text \<open>Edge weights of the complete bipartite graph (1 for the listed edges, 0 otherwise).
  The r-th occurrence of x_i is occs B i ! (r-1).\<close>
fun weight :: "cnf \<Rightarrow> vtx \<Rightarrow> wtx \<Rightarrow> nat" where
  "weight B (VT i r) (WA i') = (if i' = i \<and> r = 1 then 1 else 0)"
| "weight B (VF i r) (WA i') = (if i' = i \<and> r = 3 then 1 else 0)"
| "weight B (VT i r) (WB i') = (if i' = i \<and> r = 2 then 1 else 0)"
| "weight B (VF i r) (WB i') = (if i' = i \<and> r = 1 then 1 else 0)"
| "weight B (VT i r) (WC i') = (if i' = i \<and> r = 3 then 1 else 0)"
| "weight B (VF i r) (WC i') = (if i' = i \<and> r = 2 then 1 else 0)"
| "weight B (VT i r) (WCl j) =
     (if 1 \<le> r \<and> r \<le> length (occs B i) \<and> occs B i ! (r - 1) = (j, True) then 1 else 0)"
| "weight B (VF i r) (WCl j) =
     (if 1 \<le> r \<and> r \<le> length (occs B i) \<and> occs B i ! (r - 1) = (j, False) then 1 else 0)"
| "weight B v (WD k) = 0"

text \<open>A perfect matching of the complete bipartite graph on VV \<union> WW (every pair is an edge).\<close>
definition perfect_matching :: "'v set \<Rightarrow> 'w set \<Rightarrow> ('v \<times> 'w) set \<Rightarrow> bool" where
  "perfect_matching VV WW M \<longleftrightarrow> M \<subseteq> VV \<times> WW \<and>
     (\<forall>v\<in>VV. \<exists>!w. (v, w) \<in> M) \<and> (\<forall>w\<in>WW. \<exists>!v. (v, w) \<in> M)"

definition match_weight :: "cnf \<Rightarrow> (vtx \<times> wtx) set \<Rightarrow> nat" where
  "match_weight B M = (\<Sum>(v, w)\<in>M. weight B v w)"

text \<open>Fairness with alpha_c = beta_c = 1/(3n): for every colour c_{i,r}, exactly one vertex
  of that colour is matched to a vertex of Z.\<close>
definition fair :: "nat \<Rightarrow> (vtx \<times> wtx) set \<Rightarrow> bool" where
  "fair n M \<longleftrightarrow> (\<forall>i<n. \<forall>r\<in>{1,2,3::nat}.
     card {v\<in>Vs n. col v = (i, r) \<and> (\<exists>w\<in>Zs n. (v, w) \<in> M)} = 1)"

end

theory Submission
  imports Defs
begin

WORK REQUEST: Only the number is wanted: count the lines of the records that hold the word "text".

SOLVED EXERCISE: 3